◆ **Exercise aim**: Check every line of the data for the word "close", and copy those that have it.

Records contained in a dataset
※

definition circ_norm :: "real \<Rightarrow> real \<Rightarrow> real \<Rightarrow> real" where
  "circ_norm a b t = (sin t)\<^sup>2 + b * sin t * cos t + a * (cos t)\<^sup>2"

lemma Zfun_circ: "Zfun (circ \<zeta> r t) \<zeta> = (r * sin t, - (r * cos t))"
  by (simp add: Zfun_def circ_def)

lemma anorm_Zfun_circ: "anorm a b (Zfun (circ \<zeta> r t) \<zeta>) = r\<^sup>2 * circ_norm a b t"
  by (simp add: Zfun_circ anorm_def circ_norm_def power2_eq_square algebra_simps)

lemma circ_norm_pos:
  assumes "4 * a - b\<^sup>2 > 0"
  shows "circ_norm a b t > 0"
proof -
  have "(sin t, - cos t) \<noteq> 0"
    by (auto simp: zero_prod_def dest: sin_zero_abs_cos_one)
  with assms have "anorm a b (sin t, - cos t) > 0" by (rule anorm_pos)
  then show ?thesis by (simp add: anorm_def circ_norm_def)
qed

lemma ainv_Zfun_circ:
  assumes "4 * a - b\<^sup>2 > 0" and "r \<noteq> 0"
  shows "ainv a b (Zfun (circ \<zeta> r t) \<zeta>)
           = ((sin t + b * cos t) / (r * circ_norm a b t), cos t / (r * circ_norm a b t))"
proof -
  have "anorm a b (Zfun (circ \<zeta> r t) \<zeta>) \<noteq> 0" and "circ_norm a b t > 0"
    using assms circ_norm_pos[OF assms(1), of t] by (simp_all add: anorm_Zfun_circ)
  with assms(2) show ?thesis
    unfolding ainv_eq_conj_div_anorm[OF \<open>anorm a b _ \<noteq> 0\<close>] anorm_Zfun_circ
    by (simp add: Zfun_circ field_simps power2_eq_square)
qed

definition coeff_one_density :: "real \<Rightarrow> real \<Rightarrow> real \<Rightarrow> real" where
  "coeff_one_density a b t = (sin t * cos t + b * (cos t)\<^sup>2 - a * sin t * cos t) / circ_norm a b t"

definition coeff_i_density :: "real \<Rightarrow> real \<Rightarrow> real \<Rightarrow> real" where
  "coeff_i_density a b t = 1 / circ_norm a b t"

lemma Zinv_circ_integrands:
  fixes \<zeta> :: "real \<times> real" and t :: real
  assumes "4 * a - b\<^sup>2 > 0" and "r \<noteq> 0"
  defines "h \<equiv> ainv a b (Zfun (circ \<zeta> r t) \<zeta>)"
  shows "fst h * (r * cos t) + snd h * a * (- r * sin t) = coeff_one_density a b t"
    and "snd h * (r * cos t) - fst h * (- r * sin t) + snd h * b * (- r * sin t)
           = coeff_i_density a b t"
proof -
  have N: "circ_norm a b t > 0" using assms(1) by (rule circ_norm_pos)
  have sc: "(sin t)\<^sup>2 + (cos t)\<^sup>2 = 1" by simp
  show "fst h * (r * cos t) + snd h * a * (- r * sin t) = coeff_one_density a b t"
    using N assms(2) by (simp add: h_def ainv_Zfun_circ[OF assms(1,2)] coeff_one_density_def
        field_simps power2_eq_square)
  show "snd h * (r * cos t) - fst h * (- r * sin t) + snd h * b * (- r * sin t)
          = coeff_i_density a b t"
    using N assms(2) by (simp add: h_def ainv_Zfun_circ[OF assms(1,2)] coeff_i_density_def
        field_simps) (insert sc, algebra)
qed

lemma circ_int_Zinv:
  assumes "r \<noteq> 0" and "\<And>t. 4 * \<alpha> (circ \<zeta> r t) - (\<beta> (circ \<zeta> r t))\<^sup>2 > 0"
  shows "circ_int \<alpha> \<beta> \<zeta> r (\<lambda>z. ainv (\<alpha> z) (\<beta> z) (Zfun z \<zeta>))
           = (integral {0..2 * pi} (\<lambda>t. coeff_one_density (\<alpha> (circ \<zeta> r t)) (\<beta> (circ \<zeta> r t)) t),
              integral {0..2 * pi} (\<lambda>t. coeff_i_density (\<alpha> (circ \<zeta> r t)) (\<beta> (circ \<zeta> r t)) t))"
  using Zinv_circ_integrands[OF assms(2) assms(1)] by (simp add: circ_int_def Let_def)

definition ellipse_norm :: "real \<Rightarrow> real \<Rightarrow> real \<Rightarrow> real" where
  "ellipse_norm e d t = (sin t + e * cos t)\<^sup>2 + (d * cos t)\<^sup>2"

(* Up to an additive constant, a continuous branch of the argument of
   d cos t + i (sin t + e cos t), whose squared modulus is ellipse_norm e d t. *)
definition ellipse_arg :: "real \<Rightarrow> real \<Rightarrow> real \<Rightarrow> real" where
  "ellipse_arg e d t = t + arctan ((e * ((cos t)\<^sup>2 - (sin t)\<^sup>2) + (1 - (d\<^sup>2 + e\<^sup>2)) * sin t * cos t)
                                   / (ellipse_norm e d t + d))"

lemma circ_norm_eq_ellipse_norm: "circ_norm (e\<^sup>2 + d\<^sup>2) (2 * e) t = ellipse_norm e d t"
  by (simp add: circ_norm_def ellipse_norm_def power2_eq_square algebra_simps)

lemma ellipse_norm_pos:
  assumes "d \<noteq> 0"
  shows "ellipse_norm e d t > 0"
proof -
  have "4 * (e\<^sup>2 + d\<^sup>2) - (2 * e)\<^sup>2 > 0"
    using assms by (simp add: power_mult_distrib)
  then show ?thesis
    using circ_norm_pos circ_norm_eq_ellipse_norm by metis
qed

lemma ellipse_norm_deriv:
  "(ellipse_norm e d has_real_derivative
     2 * (sin t + e * cos t) * (cos t - e * sin t) - 2 * d\<^sup>2 * sin t * cos t) (at t)"
  unfolding ellipse_norm_def
  by (auto intro!: derivative_eq_intros simp: power2_eq_square algebra_simps)

lemma has_real_derivative_arctan_quotient:
  assumes "(f has_real_derivative f') (at t)" and "(g has_real_derivative g') (at t)"
    and "g t \<noteq> 0"
  shows "((\<lambda>t. arctan (f t / g t)) has_real_derivative
           (f' * g t - f t * g') / ((g t)\<^sup>2 + (f t)\<^sup>2)) (at t)"
proof -
  have "((\<lambda>t. arctan (f t / g t)) has_real_derivative
          inverse (1 + (f t / g t)\<^sup>2) * ((f' * g t - f t * g') / (g t * g t))) (at t)"
    by (intro derivative_intros assms)
  moreover have "inverse (1 + (f t / g t)\<^sup>2) * ((f' * g t - f t * g') / (g t * g t))
                   = (f' * g t - f t * g') / ((g t)\<^sup>2 + (f t)\<^sup>2)"
  proof -
    have "(g t)\<^sup>2 + (f t)\<^sup>2 > 0"
      using assms(3) by (simp add: add_pos_nonneg)
    moreover have "inverse (1 + (f t / g t)\<^sup>2) = (g t)\<^sup>2 / ((g t)\<^sup>2 + (f t)\<^sup>2)"
      using assms(3) by (simp add: field_simps)
    ultimately show ?thesis
      using assms(3) by (simp add: power2_eq_square)
  qed
  ultimately show ?thesis by simp
qed

lemma ellipse_arg_deriv:
  assumes "d > 0"
  shows "(ellipse_arg e d has_real_derivative d / ellipse_norm e d t) (at t)"
proof -
  define s c where "s = sin t" and "c = cos t"
  define N where "N = ellipse_norm e d t"
  define K where "K = e * (c\<^sup>2 - s\<^sup>2) + (1 - (d\<^sup>2 + e\<^sup>2)) * s * c"
  define N' where "N' = 2 * (s + e * c) * (c - e * s) - 2 * d\<^sup>2 * s * c"
  define K' where "K' = - 4 * e * s * c + (1 - (d\<^sup>2 + e\<^sup>2)) * (c\<^sup>2 - s\<^sup>2)"
  define T where "T = e\<^sup>2 + d\<^sup>2 + 1 + 2 * d"
  have sc: "s\<^sup>2 + c\<^sup>2 = 1" by (simp add: s_def c_def)
  have N: "N = (s + e * c)\<^sup>2 + (d * c)\<^sup>2" by (simp add: N_def s_def c_def ellipse_norm_def)
  have "N > 0" unfolding N_def using assms by (simp add: ellipse_norm_pos)
  have "T > 0" unfolding T_def using assms zero_le_power2[of e] zero_le_power2[of d] by linarith
  have "((\<lambda>t. e * ((cos t)\<^sup>2 - (sin t)\<^sup>2) + (1 - (d\<^sup>2 + e\<^sup>2)) * sin t * cos t)
          has_real_derivative K') (at t)"
    unfolding K'_def s_def c_def
    by (auto intro!: derivative_eq_intros simp: power2_eq_square algebra_simps)
  from has_real_derivative_arctan_quotient[OF this DERIV_add[OF ellipse_norm_deriv DERIV_const]]
  have "(ellipse_arg e d has_real_derivative 1 + (K' * (N + d) - K * (N' + 0)) / ((N + d)\<^sup>2 + K\<^sup>2))
          (at t)"
    unfolding ellipse_arg_def[abs_def] N_def K_def N'_def s_def c_def
    using \<open>N > 0\<close> assms by (intro derivative_intros) (simp_all add: N_def)
  moreover have "(N + d)\<^sup>2 + K\<^sup>2 = T * N"
    using sc unfolding N K_def T_def by algebra
  moreover have "T * N + (K' * (N + d) - K * N') = d * T"
    using sc unfolding N K_def K'_def N'_def T_def by algebra
  ultimately show ?thesis
    using \<open>N > 0\<close> \<open>T > 0\<close> by (simp add: N_def field_simps)
qed

lemma ellipse_arg_2pi: "ellipse_arg e d (2 * pi) = ellipse_arg e d 0 + 2 * pi"
  by (simp add: ellipse_arg_def ellipse_norm_def)

lemma ellipse_norm_2pi: "ellipse_norm e d (2 * pi) = ellipse_norm e d 0"
  by (simp add: ellipse_norm_def)

lemma has_integral_inverse_ellipse_norm:
  assumes "d > 0"
  shows "((\<lambda>t. 1 / ellipse_norm e d t) has_integral 2 * pi / d) {0..2 * pi}"
proof -
  have "((\<lambda>t. 1 / ellipse_norm e d t) has_integral
          ellipse_arg e d (2 * pi) / d - ellipse_arg e d 0 / d) {0..2 * pi}"
  proof (rule fundamental_theorem_of_calculus)
    fix t
    have "((\<lambda>t. ellipse_arg e d t / d) has_real_derivative 1 / ellipse_norm e d t) (at t)"
      using DERIV_cdivide[OF ellipse_arg_deriv[OF assms], where c = d] assms by simp
    then show "((\<lambda>t. ellipse_arg e d t / d) has_vector_derivative 1 / ellipse_norm e d t)
                 (at t within {0..2 * pi})"
      by (simp add: has_real_derivative_iff_has_vector_derivative[symmetric]
          has_field_derivative_at_within)
  qed simp
  then show ?thesis
    using assms unfolding ellipse_arg_2pi by (simp add: diff_divide_distrib[symmetric])
qed

lemma has_integral_ellipse_log_deriv:
  assumes "d \<noteq> 0"
  shows "((\<lambda>t. (2 * (sin t + e * cos t) * (cos t - e * sin t) - 2 * d\<^sup>2 * sin t * cos t)
                / ellipse_norm e d t) has_integral 0) {0..2 * pi}"
proof -
  have "((\<lambda>t. (2 * (sin t + e * cos t) * (cos t - e * sin t) - 2 * d\<^sup>2 * sin t * cos t)
                / ellipse_norm e d t)
          has_integral ln (ellipse_norm e d (2 * pi)) - ln (ellipse_norm e d 0)) {0..2 * pi}"
  proof (rule fundamental_theorem_of_calculus)
    fix t
    have "((\<lambda>t. ln (ellipse_norm e d t)) has_real_derivative
            (2 * (sin t + e * cos t) * (cos t - e * sin t) - 2 * d\<^sup>2 * sin t * cos t)
              / ellipse_norm e d t) (at t)"
      using DERIV_chain2[OF DERIV_ln_divide[OF ellipse_norm_pos[OF assms]] ellipse_norm_deriv]
      by simp
    then show "((\<lambda>t. ln (ellipse_norm e d t)) has_vector_derivative
                 (2 * (sin t + e * cos t) * (cos t - e * sin t) - 2 * d\<^sup>2 * sin t * cos t)
                   / ellipse_norm e d t) (at t within {0..2 * pi})"
      by (simp add: has_real_derivative_iff_has_vector_derivative[symmetric]
          has_field_derivative_at_within)
  qed simp
  then show ?thesis by (simp add: ellipse_norm_2pi)
qed

lemma discriminant_ellipse_params:
  assumes "4 * a - b\<^sup>2 > 0"
  obtains e d where "d > 0" and "a = e\<^sup>2 + d\<^sup>2" and "b = 2 * e" and "sqrt (4 * a - b\<^sup>2) = 2 * d"
proof (rule that[of "sqrt (4 * a - b\<^sup>2) / 2" "b / 2"])
  show "a = (b / 2)\<^sup>2 + (sqrt (4 * a - b\<^sup>2) / 2)\<^sup>2"
    using assms by (simp add: power_divide field_simps)
qed (use assms in simp_all)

※

◆ **Solution**:
    unfolding ainv_eq_conj_div_anorm[OF \<open>anorm a b _ \<noteq> 0\<close>] anorm_Zfun_circ
    using \<open>N > 0\<close> assms by (intro derivative_intros) (simp_all add: N_def)
    using \<open>N > 0\<close> \<open>T > 0\<close> by (simp add: N_def field_simps)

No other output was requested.